There is also the important matter of the social responsibility of scientists, who should present balanced and clear material to the wider public. Chen and Narins may not have been aware of the confusion, misconceptions and distortions which envelop the topic of infrasound from wind turbines. This is partly due to Pierpont’s unproven claims of direct pathophysiological effects (Wind Turbine Syndrome), consequent upon exposure to low levels of infrasound, and which have been picked up by all objector web pages. Care should be taken to ensure that these web pages are not supplied with incorrect and unsustainable material.
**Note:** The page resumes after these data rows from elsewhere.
lemma hook_sum_lessThan:
  "hook_sum w n \<sigma> {..<n} = (\<Sum>i=1..n. w (n - i) * Gamma n i \<sigma>)"
  unfolding hook_sum_def
  by (rule sum.reindex_bij_witness[where i = "\<lambda>i. n - i" and j = "\<lambda>p. n - p"]) (auto simp: Gamma_eq_hook_char)

lemma minus_one_power_diff_odd:
  "odd n \<Longrightarrow> i \<le> n \<Longrightarrow> (-1 :: int) ^ (n - i) = (if even i then -1 else 1)"
  by (auto simp: minus_one_power_iff even_diff_nat)

lemma Gamma_e_eq_hook_sums:
  assumes "odd n"
  shows "2 * Gamma_e n \<sigma> = hook_sum (\<lambda>_. 1) n \<sigma> {..<n} - hook_sum (\<lambda>p. (-1) ^ p) n \<sigma> {..<n}"
proof -
  have "hook_sum (\<lambda>_. 1) n \<sigma> {..<n} - hook_sum (\<lambda>p. (-1) ^ p) n \<sigma> {..<n}
      = (\<Sum>i\<in>{1..n}. 2 * (if even i then Gamma n i \<sigma> else 0))"
    unfolding hook_sum_lessThan sum_subtractf[symmetric]
    by (intro sum.cong) (use assms in \<open>auto simp: minus_one_power_diff_odd\<close>)
  then show ?thesis
    unfolding Gamma_e_def sum_distrib_left sum.inter_filter[OF finite_atLeastAtMost] by simp
qed

lemma Gamma_o_eq_hook_sums:
  assumes "odd n"
  shows "2 * Gamma_o n \<sigma> = hook_sum (\<lambda>_. 1) n \<sigma> {..<n} + hook_sum (\<lambda>p. (-1) ^ p) n \<sigma> {..<n}"
proof -
  have "hook_sum (\<lambda>_. 1) n \<sigma> {..<n} + hook_sum (\<lambda>p. (-1) ^ p) n \<sigma> {..<n}
      = (\<Sum>i\<in>{1..n}. 2 * (if odd i then Gamma n i \<sigma> else 0))"
    unfolding hook_sum_lessThan sum.distrib[symmetric]
    by (intro sum.cong) (use assms in \<open>auto simp: minus_one_power_diff_odd\<close>)
  then show ?thesis
    unfolding Gamma_o_def sum_distrib_left sum.inter_filter[OF finite_atLeastAtMost] by simp
qed

lemma hook_sums_eq_0_if_even_perm_order:
  assumes "odd n" "\<sigma> permutes {..<n}" "even (perm_order \<sigma>)"
  shows "hook_sum (\<lambda>_. 1) n \<sigma> {..<n} = 0" "hook_sum (\<lambda>p. (-1) ^ p) n \<sigma> {..<n} = 0"
proof -
  obtain x where x: "x < n" "even (card (orbit \<sigma> x))"
    using even_orbit_if_even_perm_order[OF assms(2,3)] by blast
  have \<sigma>: "permutation \<sigma>" "\<sigma> ` {..<n} \<subseteq> {..<n}"
    using assms(2) by (auto simp: permutes_imp_permutation[OF finite_lessThan] permutes_image)
  have "orbit \<sigma> x \<noteq> {..<n}"
  proof
    assume "orbit \<sigma> x = {..<n}"
    with x(2) assms(1) show False
      by simp
  qed
  then have "{..<n} - orbit \<sigma> x \<noteq> {}"
    using orbit_subset_invariant[OF \<sigma>(2)] x(1) by blast
  moreover have "0 < card (orbit \<sigma> x)"
    using card_orbit_Diff(2)[OF \<sigma>(1) _ \<sigma>(2)] x(1) by simp
  ultimately show "hook_sum (\<lambda>_. 1) n \<sigma> {..<n} = 0" "hook_sum (\<lambda>p. (-1) ^ p) n \<sigma> {..<n} = 0"
    using hook_sum_one_remove_orbit[OF \<sigma>(1) _ \<sigma>(2), of x n] hook_sum_sign_remove_orbit[OF \<sigma>(1) _ \<sigma>(2), of x n]
      x(1,2) by (simp_all add: minus_one_power_iff even_diff_nat)
qed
- Is the Wisconsin Shirley report credible? A Wisconsin, USA report is attracting attention since its submission to a wind farm siting review group in December 2012. Colloquially known as the Shirley Report based on the name of the wind farm where measurements were done, it is being used broadly by anti-wind advocates as proof of the health concerns related to wind energy. Key problems include that it accepted at face value attribution of health effects to wind turbines for only subsets of three families who claimed impacts, that it found only inaudible levels of infrasound and that it appears to have ignored the extensive reviews of high evidentiary value showing that wind farms do not harm health and that infrasound is not an issue or concern. Once again, Geoff Leventhall’s opinion is important to note, as he is likely the most cited and referenced acoustician working in wind energy and health:
The Shirley Report did not produce much new. We know that WTs radiate infrasound, but that levels are too low to be a problem. But we also know that some people are upset /made ill by WTs in their neighbourhood and prefer to move away. The Shirley report did go down to lower frequencies than most of the earlier measurements, but did not reveal anything important. I have been pointing out for years that the body is a very noisy place at low and infrasound frequencies – for example see my critique of wind turbine syndrome for the Glacier Hills (Wisconsin) hearing in 2009.
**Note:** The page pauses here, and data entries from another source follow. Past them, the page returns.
lemma threshold_gap_ratio_tendsto:
  assumes "\<alpha> > 0"
  shows "(\<lambda>n. (tstar \<alpha> n (m n) - hub_degree_mean n (m n) (k n)) / sigma_lead n)
    \<longlonglongrightarrow> \<gamma> / sqrt 2"
proof -
  define u where "u n = sqrt (1 - ln (ln (real n)) / (2 * \<alpha> * ln (real n)))" for n :: nat
  have u: "u \<longlonglongrightarrow> 1" "(\<lambda>n. sqrt (ln (real n)) * (u n - 1)) \<longlonglongrightarrow> 0"
    unfolding u_def using assms by real_asymp+
  have "(\<lambda>n. (2 * real (m n) / real n + real (k n) - hub_degree_mean n (m n) (k n)) / sigma_lead n
      + sqrt 2 * (sqrt (ln (real n)) * (sqrt (variance_ratio n) - 1) * u n + sqrt (ln (real n)) * (u n - 1)))
      \<longlonglongrightarrow> 0 + sqrt 2 * (\<gamma> / 2 * 1 + 0)"
    by (intro tendsto_intros hub_excess_tendsto sqrt_ln_sqrt_variance_ratio_tendsto u)
  moreover have "sqrt 2 * (\<gamma> / 2 * 1 + 0) = \<gamma> / sqrt 2"
    by (simp add: field_simps)
  moreover have "eventually (\<lambda>n. (2 * real (m n) / real n + real (k n) - hub_degree_mean n (m n) (k n)) / sigma_lead n
      + sqrt 2 * (sqrt (ln (real n)) * (sqrt (variance_ratio n) - 1) * u n + sqrt (ln (real n)) * (u n - 1))
      = (tstar \<alpha> n (m n) - hub_degree_mean n (m n) (k n)) / sigma_lead n) sequentially"
    using eventually_k_bounds eventually_sqrt_binomial_variance_eq
  proof eventually_elim
    case (elim n)
    have s: "sigma_lead n > 0" "real (k n) = sigma_lead n * sqrt 2 * sqrt (ln (real n))"
      using elim unfolding sigma_lead_def by (auto simp: real_sqrt_mult)
    have "tstar \<alpha> n (m n) = 2 * real (m n) / real n
        + sigma_lead n * sqrt (variance_ratio n) * (sqrt 2 * sqrt (ln (real n))) * u n"
      using elim assms by (simp add: tstar_eq u_def real_sqrt_mult)
    then show ?case
      using s by (simp add: field_simps)
  qed
  ultimately show ?thesis
    by (simp add: Lim_transform_eventually)
qed

end

theorem mainTheorem7:
  fixes \<gamma> \<alpha> :: real and k m :: "nat \<Rightarrow> nat"
  assumes "\<alpha> > 1"
    and "(\<lambda>n. (ln (real n))\<^sup>2) \<in> o(\<lambda>n. real (k n))"
    and "(\<lambda>n. real (k n)) \<in> o(\<lambda>n. sqrt (real n))"
    and "\<And>n. m n = nat (round ((real (k n))\<^sup>2 * real n / (4 * ln (real n))
                               * (1 + \<gamma> / sqrt (ln (real n)))))"
  shows "(\<lambda>n. tstar \<alpha> n (m n) - hub_degree_mean n (m n) (k n)
              - \<gamma> / sqrt 2 * sigma_deg n (m n))
         \<in> o(\<lambda>n. sigma_deg n (m n))"
proof -
  interpret hub_regime \<gamma> k m
    using assms(2-4) by unfold_locales
  show ?thesis
    using smallo_diff_of_tendsto_ratios[OF threshold_gap_ratio_tendsto sigma_deg_ratio_tendsto] assms(1)
    by simp
qed

end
Paul Schomer’s attempt to relate vibration induced motion sickness to infrasound from WTs will surely fail, if only because the inner ear picks up lots of body sounds at low frequencies.
The Shirley report is a consultancy report, dated 24 December, and probably finished off in a hurry. You cannot expect it to have the same standard as a journal publication.
What does this all mean?
While infrasound can cause impacts on humans when it’s extremely intense and with very prolonged exposure, wind turbines generate too little of it to have any impact near or far.